Jason shook his head, but Grayson could feel something under it—a fondness, almost pride.
The scene blurred, and Grayson blinked. Now Jason was in a small kitchen, evening light spilling through faded curtains. Sophie sat at the table, school uniform wrinkled, hair falling from her ponytail. She shoved a notebook across the table.
"Jason, you have to help me! I don't get it. It doesn't make sense."
Jason sighed, leaning back in his chair. "What is it this time?"
"Fractions. Evil fractions. I swear they're out to get me." She threw her arms dramatically across the table.
Jason smirked. "Fractions aren't evil. They're just… misunderstood."
"Mis—Jason, they're numbers that break into more numbers. That's evil!"
Grayson wanted to laugh, but he felt Jason's chuckle instead, warm and tired.
"Alright, alright," Jason said, sliding the notebook closer. "Let's see what the evil numbers are doing to you."
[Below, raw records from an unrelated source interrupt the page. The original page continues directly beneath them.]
lemma obstruction_extension:
  fixes F :: "nat \<Rightarrow> 'v::ab_group_add \<Rightarrow> 'g::ab_group_add"
  assumes la: "leibniz_algebra sg br" and rp: "leibniz_rep sg br sv rL rR"
    and H2: "cohomology_vanishes sg sv br rL rR T 2"
    and F: "\<And>i. i < N \<Longrightarrow> Vector_Spaces.linear sv sg (F i)" and "F 0 = T" and "0 < N"
    and lower: "\<And>m u v. m < N \<Longrightarrow> obstruction br rL rR F m u v = 0"
  shows "\<exists>G. Vector_Spaces.linear sv sg G \<and> (\<forall>u v. obstruction br rL rR (F(N := G)) N u v = 0)"
proof -
  interpret additive_leibniz_rep br rL rR
    by (rule additive_leibniz_repI[OF la rp])
  have vs: "vector_space_pair sv sg"
    using F[OF \<open>0 < N\<close>] by (simp add: vector_space_pair_def Vector_Spaces.linear_iff)
  txt \<open>Only the components of \<open>F\<close> below \<open>N\<close> are known to be linear.\<close>
  define F0 where "F0 = (\<lambda>i. if i < N then F i else (\<lambda>_. 0))"
  have F0_linear: "Vector_Spaces.linear sv sg (F0 i)" for i
    by (simp add: F0_def F vector_space_pair.linear_zero[OF vs])
  have "F0 0 = T"
    using \<open>F 0 = T\<close> \<open>0 < N\<close> by (simp add: F0_def)
  have "obstruction br rL rR F0 m = obstruction br rL rR F m" if "m < N" for m
    using that by (intro obstruction_cong) (simp add: F0_def)
  then have "cocycle sg sv br rL rR T 2 (\<lambda>vs. obstruction br rL rR F0 N (vs ! 0) (vs ! 1))"
    using obstruction_cocycle[where F=F0, OF la rp F0_linear \<open>F0 0 = T\<close>] lower by simp
  then obtain h where h: "cochain sg sv 1 h"
    and dh: "\<And>vs. length vs = 2 \<Longrightarrow> obstruction br rL rR F0 N (vs ! 0) (vs ! 1) = dT br rL rR T 1 h vs"
    using H2 unfolding cohomology_vanishes_def coboundary_def by auto
  define G where "G v = - h [v]" for v
  have "Vector_Spaces.linear sv sg (\<lambda>v. h [v])"
    using h[unfolded cochain_def, rule_format, of "[0]" 0] by simp
  then have "Vector_Spaces.linear sv sg G"
    unfolding G_def by (rule vector_space_pair.linear_compose_neg[OF vs])
  moreover have "obstruction br rL rR (F(N := G)) N u v = 0" for u v
  proof -
    have T: "additive T"
      using F0_linear[of 0] \<open>F0 0 = T\<close> by (simp add: linear_imp_additive)
    have "obstruction br rL rR (F(N := G)) N u v = obstruction br rL rR (F0(N := G)) N u v"
      by (intro obstruction_cong[THEN fun_cong, THEN fun_cong]) (simp add: F0_def)
    also have "\<dots> = obstruction br rL rR F0 N u v + dT br rL rR T 1 (\<lambda>vs. G (hd vs)) [u, v]"
      using obstruction_update[of F0 N G u v] T \<open>F0 0 = T\<close> \<open>0 < N\<close>
      by (simp add: F0_def fun_upd_idem)
    also have "\<dots> = dT br rL rR T 1 h [u, v] + dT br rL rR T 1 (\<lambda>vs. G (hd vs)) [u, v]"
      using dh[of "[u, v]"] by simp
    also have "\<dots> = 0"
      unfolding dT_1_eq G_def
      by (simp add: additive_simps additive.minus[OF T] additive.diff[OF T] additive.add[OF T])
    finally show ?thesis .
  qed
  ultimately show ?thesis by blast
qed

theorem corollary3p27:
  fixes sg :: "'k::field \<Rightarrow> 'g::ab_group_add \<Rightarrow> 'g"
    and sv :: "'k \<Rightarrow> 'v::ab_group_add \<Rightarrow> 'v"
    and br :: "'g \<Rightarrow> 'g \<Rightarrow> 'g"
    and rL rR :: "'g \<Rightarrow> 'v \<Rightarrow> 'v"
    and T T1 :: "'v \<Rightarrow> 'g"
  assumes "leibniz_algebra sg br"
    and "leibniz_rep sg br sv rL rR"
    and "relative_RB sg br sv rL rR T"
    and "cohomology_vanishes sg sv br rL rR T 2"
    and "Vector_Spaces.linear sv sg T1"
    and "cocycle sg sv br rL rR T 1 (\<lambda>vs. T1 (hd vs))"
  shows "\<exists>Tt :: nat \<Rightarrow> 'v \<Rightarrow> 'g. formal_deformation sg br sv rL rR T Tt \<and> Tt 1 = T1"
proof -
  define Q where "Q n F \<longleftrightarrow> Vector_Spaces.linear sv sg (F n) \<and> (n = 0 \<longrightarrow> F n = T) \<and>
    (n = 1 \<longrightarrow> F n = T1) \<and> (\<forall>u v. obstruction br rL rR F n u v = 0)" for n F
  have "\<exists>Tt. \<forall>n. Q n Tt"
  proof (rule exists_seq_by_extension)
    show "Q n F'" if "\<And>i. i \<le> n \<Longrightarrow> F' i = F i" and "Q n F" for n F F'
      using that obstruction_cong[of n F' F] unfolding Q_def by simp
  next
    fix n and F :: "nat \<Rightarrow> 'v \<Rightarrow> 'g" assume lower: "\<And>m. m < n \<Longrightarrow> Q m F"
    then have F0: "F 0 = T" if "0 < n"
      using that by (simp add: Q_def)
    consider "n = 0" | "n = 1" | "2 \<le> n" by linarith
    then show "\<exists>x. Q n (F(n := x))"
    proof cases
      case 1
      with assms(3) show ?thesis
        by (auto simp: Q_def relative_RB_def intro: obstruction_0_eq_zero)
    next
      case 2
      with F0 assms(3,6) have "obstruction br rL rR (F(1 := T1)) 1 u v = 0" for u v
        by (intro obstruction_1_eq_zero[where sg=sg and sv=sv]) simp_all
      with 2 assms(5) show ?thesis
        by (auto simp: Q_def)
    next
      case 3
      with F0 lower have "\<exists>G. Vector_Spaces.linear sv sg G \<and>
          (\<forall>u v. obstruction br rL rR (F(n := G)) n u v = 0)"
        by (intro obstruction_extension[OF assms(1,2,4)]) (auto simp: Q_def)
      with 3 show ?thesis
        by (auto simp: Q_def)
    qed
  qed
  then show ?thesis
    unfolding formal_deformation_iff_obstruction Q_def by blast
qed

end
The memories began to overlap now—Jason's laughter in the garage, Sophie's stubborn whines, the sound of tools clinking against metal, the warmth of home cooked noodles late at night, Sophie's school stories spilling out in endless chatter.
And Grayson understood. These weren't just dreams. They were Jason's life. The life he was being dragged into.
And Sophie—innocent, stubborn, twelve years old—was at the heart of it all.